lemma l_bij_betw:
  assumes i: "i \<in> {1..n}"
  shows "l i ` I = J i" "inj_on (l i) I"
proof -
  obtain g where "homeomorphism I (J i) (l i) g" using l_homeomorphism i unfolding J_def by blast
  then show "l i ` I = J i" "inj_on (l i) I"
    by (auto simp: homeomorphism_def intro: inj_on_inverseI)
qed

lemma l_inv_mem: "i \<in> {1..n} \<Longrightarrow> t \<in> J i \<Longrightarrow> l_inv i t \<in> I"
  unfolding l_inv_def using l_bij_betw by (metis the_inv_into_into subset_refl)

lemma l_l_inv: "i \<in> {1..n} \<Longrightarrow> t \<in> J i \<Longrightarrow> l i (l_inv i t) = t"
  unfolding l_inv_def using l_bij_betw by (metis f_the_inv_into_f)

lemma l_inv_l: "i \<in> {1..n} \<Longrightarrow> u \<in> I \<Longrightarrow> l_inv i (l i u) = u"
  unfolding l_inv_def using l_bij_betw by (metis the_inv_into_f_f)

lemma back_mem: "t \<in> I \<Longrightarrow> back t \<in> I"
  using piece_mem subint_subset_J l_inv_mem unfolding back_def by blast

lemma l_back: "t \<in> I \<Longrightarrow> l (piece t) (back t) = t"
  using piece_mem subint_subset_J l_l_inv unfolding back_def by blast

lemma RB_op_eq_RB:
  assumes t: "t \<in> I"
  shows "RB_op x n l q' S' g t = RB q' S' g t"
proof -
  have ind: "indicator (subint x n k) t = (if k = piece t then 1 else 0 :: real)" if "k \<in> {1..n}" for k
    using piece_eq_iff[OF t that] by (auto simp: indicator_def)
  have "RB_op x n l q' S' g t
      = (\<Sum>k=1..n. if k = piece t then q' k (l_inv k t) else 0)
      + (\<Sum>k=1..n. if k = piece t then S' k (l_inv k t) * g (l_inv k t) else 0)"
    unfolding RB_op_def l_inv_def by (intro arg_cong2[where f = "(+)"] sum.cong) (auto simp: ind)
  then show ?thesis
    using piece_mem(1)[OF t] by (simp add: sum.delta' RB_def back_def)
qed

lemma l_image_lebesgue:
  assumes i: "i \<in> {1..n}" and A: "A \<in> sets lebesgue" "A \<subseteq> I"
  shows "l i ` A \<in> sets lebesgue"
    "emeasure lebesgue (l i ` A) = (\<integral>\<^sup>+t. ennreal \<bar>Dl i t\<bar> * indicator A t \<partial>lebesgue)"
proof -
  obtain C where C: "C-lipschitz_on I (l i)" using l_lipschitz i by blast
  have der: "AE t in lebesgue_on I. (l i has_real_derivative Dl i t) (at t within I)"
    using l_deriv i by blast
  show "l i ` A \<in> sets lebesgue"
    "emeasure lebesgue (l i ` A) = (\<integral>\<^sup>+t. ennreal \<bar>Dl i t\<bar> * indicator A t \<partial>lebesgue)"
    using emeasure_lipschitz_inj_image[OF C l_bij_betw(2)[OF i] compact_Icc der A] by auto
qed

lemma l_inv_vimage:
  assumes i: "i \<in> {1..n}" and A: "A \<subseteq> I"
  shows "l_inv i -` A \<inter> J i = l i ` A"
proof (intro equalityI subsetI)
  fix t assume "t \<in> l_inv i -` A \<inter> J i"
  then show "t \<in> l i ` A" using l_l_inv[OF i] by (metis IntE image_eqI vimageE)
next
  fix t assume "t \<in> l i ` A"
  then obtain u where "u \<in> A" "t = l i u" by blast
  then show "t \<in> l_inv i -` A \<inter> J i" using A l_inv_l[OF i] l_bij_betw(1)[OF i] by auto
qed

lemma measurable_l_inv:
  assumes i: "i \<in> {1..n}"
  shows "l_inv i \<in> measurable (lebesgue_on (J i)) (lebesgue_on I)"
proof (rule measurableI)
  show "l_inv i t \<in> space (lebesgue_on I)" if "t \<in> space (lebesgue_on (J i))" for t
    using that l_inv_mem[OF i] by (simp add: J_def)
  fix A assume "A \<in> sets (lebesgue_on I)"
  then have A: "A \<subseteq> I" "A \<in> sets lebesgue" by (auto simp: sets_restrict_space_iff)
  then show "l_inv i -` A \<inter> space (lebesgue_on (J i)) \<in> sets (lebesgue_on (J i))"
    using l_inv_vimage[OF i A(1)] l_image_lebesgue(1)[OF i A(2,1)] l_bij_betw(1)[OF i]
    by (auto simp: sets_restrict_space_iff J_def)
qed

lemma distr_l_inv:
  assumes i: "i \<in> {1..n}"
  shows "distr (lebesgue_on (J i)) (lebesgue_on I) (l_inv i) = density (lebesgue_on I) (\<lambda>u. ennreal \<bar>Dl i u\<bar>)"
proof (rule measure_eqI)
  have [measurable]: "Dl i \<in> borel_measurable (lebesgue_on I)" using Dl_measurable i by blast
  fix A assume "A \<in> sets (distr (lebesgue_on (J i)) (lebesgue_on I) (l_inv i))"
  then have AI: "A \<in> sets (lebesgue_on I)" by simp
  then have A: "A \<subseteq> I" "A \<in> sets lebesgue" by (auto simp: sets_restrict_space_iff)
  have "emeasure (distr (lebesgue_on (J i)) (lebesgue_on I) (l_inv i)) A = emeasure (lebesgue_on (J i)) (l i ` A)"
    using emeasure_distr[OF measurable_l_inv[OF i] AI] l_inv_vimage[OF i A(1)] by simp
  also have "\<dots> = emeasure lebesgue (l i ` A)"
    using l_bij_betw(1)[OF i] A(1) by (intro emeasure_restrict_space) (auto simp: J_def)
  also have "\<dots> = (\<integral>\<^sup>+t. ennreal \<bar>Dl i t\<bar> * indicator A t \<partial>lebesgue)"
    by (rule l_image_lebesgue(2)[OF i A(2,1)])
  also have "\<dots> = (\<integral>\<^sup>+t. ennreal \<bar>Dl i t\<bar> * indicator A t \<partial>lebesgue_on I)"
    using A(1) by (subst nn_integral_restrict_space) (auto intro!: nn_integral_cong simp: indicator_def)
  also have "\<dots> = emeasure (density (lebesgue_on I) (\<lambda>u. ennreal \<bar>Dl i u\<bar>)) A"
    using AI by (subst emeasure_density) auto
  finally show "emeasure (distr (lebesgue_on (J i)) (lebesgue_on I) (l_inv i)) A
      = emeasure (density (lebesgue_on I) (\<lambda>u. ennreal \<bar>Dl i u\<bar>)) A" .
qed simp

lemma nn_integral_l_inv:
  assumes i: "i \<in> {1..n}" and \<psi>: "\<psi> \<in> borel_measurable (lebesgue_on I)"
  shows "(\<integral>\<^sup>+t. \<psi> (l_inv i t) \<partial>lebesgue_on (J i)) = (\<integral>\<^sup>+u. ennreal \<bar>Dl i u\<bar> * \<psi> u \<partial>lebesgue_on I)"
proof -
  have [measurable]: "Dl i \<in> borel_measurable (lebesgue_on I)" using Dl_measurable i by blast
  have "(\<integral>\<^sup>+t. \<psi> (l_inv i t) \<partial>lebesgue_on (J i)) = integral\<^sup>N (distr (lebesgue_on (J i)) (lebesgue_on I) (l_inv i)) \<psi>"
    using \<psi> by (subst nn_integral_distr[OF measurable_l_inv[OF i]]) auto
  also have "\<dots> = (\<integral>\<^sup>+u. ennreal \<bar>Dl i u\<bar> * \<psi> u \<partial>lebesgue_on I)"
    unfolding distr_l_inv[OF i] using \<psi> by (subst nn_integral_density) auto
  finally show ?thesis .
qed

lemma measurable_piece: "piece \<in> measurable (lebesgue_on I) (count_space {1..n})"
proof (subst measurable_count_space_eq2_countable, intro conjI ballI)
  show "piece \<in> space (lebesgue_on I) \<rightarrow> {1..n}" using piece_mem(1) by auto
  fix k assume k: "k \<in> {1..n}"
  have "piece -` {k} \<inter> space (lebesgue_on I) = subint x n k"
  proof (intro equalityI subsetI)
    fix t assume "t \<in> piece -` {k} \<inter> space (lebesgue_on I)"
    then have "t \<in> I" "piece t = k" by auto
    then show "t \<in> subint x n k" using piece_mem(2)[of t] by simp
  next
    fix t assume "t \<in> subint x n k"
    then show "t \<in> piece -` {k} \<inter> space (lebesgue_on I)"
      using subint_subset_I[OF k] piece_eqI[OF k] by auto
  qed
  then show "piece -` {k} \<inter> space (lebesgue_on I) \<in> sets (lebesgue_on I)"
    using subint_subset_I[OF k] by (simp add: sets_restrict_space_iff subint_def)
qed

lemma measurable_back: "back \<in> measurable (lebesgue_on I) (lebesgue_on I)"
proof (rule measurable_piecewise_restrict[of "subint x n ` {1..n}"])
  show "space (lebesgue_on I) \<subseteq> \<Union>(subint x n ` {1..n})" using piece_mem by fastforce
  fix \<Omega> assume "\<Omega> \<in> subint x n ` {1..n}"
  then obtain k where k: "k \<in> {1..n}" and \<Omega>: "\<Omega> = subint x n k" by blast
  have sub: "subint x n k \<subseteq> I" by (rule subint_subset_I[OF k])
  show "\<Omega> \<inter> space (lebesgue_on I) \<in> sets (lebesgue_on I)"
    using sub by (simp add: \<Omega> sets_restrict_space_iff subint_def)
  have "restrict_space (lebesgue_on I) (subint x n k) = lebesgue_on (subint x n k)"
    using sub by (subst restrict_restrict_space) (auto simp: subint_def Int_absorb1)
  moreover have "l_inv k \<in> measurable (lebesgue_on (subint x n k)) (lebesgue_on I)"
    using measurable_restrict_mono[OF measurable_l_inv[OF k] subint_subset_J] .
  ultimately have "l_inv k \<in> measurable (restrict_space (lebesgue_on I) (subint x n k)) (lebesgue_on I)"
    by simp
  then show "back \<in> measurable (restrict_space (lebesgue_on I) \<Omega>) (lebesgue_on I)"
    unfolding \<Omega> by (rule measurable_cong[THEN iffD1, rotated])
      (auto simp: back_def piece_eqI[OF k] space_restrict_space)
qed simp

lemma measurable_piecewise:
  assumes "\<And>k. k \<in> {1..n} \<Longrightarrow> \<phi> k \<in> measurable (lebesgue_on I) N"
  shows "(\<lambda>t. \<phi> (piece t) (back t)) \<in> measurable (lebesgue_on I) N"
proof (rule measurable_compose_countable'[OF _ measurable_piece])
  fix k assume "k \<in> {1..n}"
  then show "(\<lambda>t. \<phi> k (back t)) \<in> measurable (lebesgue_on I) N"
    using measurable_compose[OF measurable_back assms] by simp
qed simp

lemma nn_integral_piece:
  assumes k: "k \<in> {1..n}" and \<psi>: "\<psi> \<in> borel_measurable (lebesgue_on I)"
  shows "(\<integral>\<^sup>+t. \<psi> (back t) * indicator (subint x n k) t \<partial>lebesgue_on I)
    = (\<integral>\<^sup>+u. ennreal \<bar>Dl k u\<bar> * \<psi> u \<partial>lebesgue_on I)"
proof -
  have "(\<integral>\<^sup>+t. \<psi> (back t) * indicator (subint x n k) t \<partial>lebesgue_on I)
      = (\<integral>\<^sup>+t. \<psi> (l_inv k t) * indicator (subint x n k) t \<partial>lebesgue)"
    using subint_subset_I[OF k]
    by (subst nn_integral_restrict_space) (auto intro!: nn_integral_cong simp: indicator_def back_def piece_eqI[OF k])
  also have "\<dots> = (\<integral>\<^sup>+t. \<psi> (l_inv k t) * indicator (J k) t \<partial>lebesgue)"
  proof (rule nn_integral_cong_AE)
    have "{x k} \<in> null_sets lebesgue" by simp
    from AE_not_in[OF this]
    show "AE t in lebesgue. \<psi> (l_inv k t) * indicator (subint x n k) t = \<psi> (l_inv k t) * indicator (J k) t"
      by eventually_elim (auto simp: subint_def J_def indicator_def)
  qed
  also have "\<dots> = (\<integral>\<^sup>+t. \<psi> (l_inv k t) \<partial>lebesgue_on (J k))"
    by (simp add: nn_integral_restrict_space J_def)
  also have "\<dots> = (\<integral>\<^sup>+u. ennreal \<bar>Dl k u\<bar> * \<psi> u \<partial>lebesgue_on I)"
    by (rule nn_integral_l_inv[OF k \<psi>])
  finally show ?thesis .
qed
#####
The lines to copy run from the first line of the entries to the line containing "then 1 else"; copy them exactly and output nothing else.

lemma l_bij_betw:
  assumes i: "i \<in> {1..n}"
  shows "l i ` I = J i" "inj_on (l i) I"
proof -
  obtain g where "homeomorphism I (J i) (l i) g" using l_homeomorphism i unfolding J_def by blast
  then show "l i ` I = J i" "inj_on (l i) I"
    by (auto simp: homeomorphism_def intro: inj_on_inverseI)
qed

lemma l_inv_mem: "i \<in> {1..n} \<Longrightarrow> t \<in> J i \<Longrightarrow> l_inv i t \<in> I"
  unfolding l_inv_def using l_bij_betw by (metis the_inv_into_into subset_refl)

lemma l_l_inv: "i \<in> {1..n} \<Longrightarrow> t \<in> J i \<Longrightarrow> l i (l_inv i t) = t"
  unfolding l_inv_def using l_bij_betw by (metis f_the_inv_into_f)

lemma l_inv_l: "i \<in> {1..n} \<Longrightarrow> u \<in> I \<Longrightarrow> l_inv i (l i u) = u"
  unfolding l_inv_def using l_bij_betw by (metis the_inv_into_f_f)

lemma back_mem: "t \<in> I \<Longrightarrow> back t \<in> I"
  using piece_mem subint_subset_J l_inv_mem unfolding back_def by blast

lemma l_back: "t \<in> I \<Longrightarrow> l (piece t) (back t) = t"
  using piece_mem subint_subset_J l_l_inv unfolding back_def by blast

lemma RB_op_eq_RB:
  assumes t: "t \<in> I"
  shows "RB_op x n l q' S' g t = RB q' S' g t"
proof -
  have ind: "indicator (subint x n k) t = (if k = piece t then 1 else 0 :: real)" if "k \<in> {1..n}" for k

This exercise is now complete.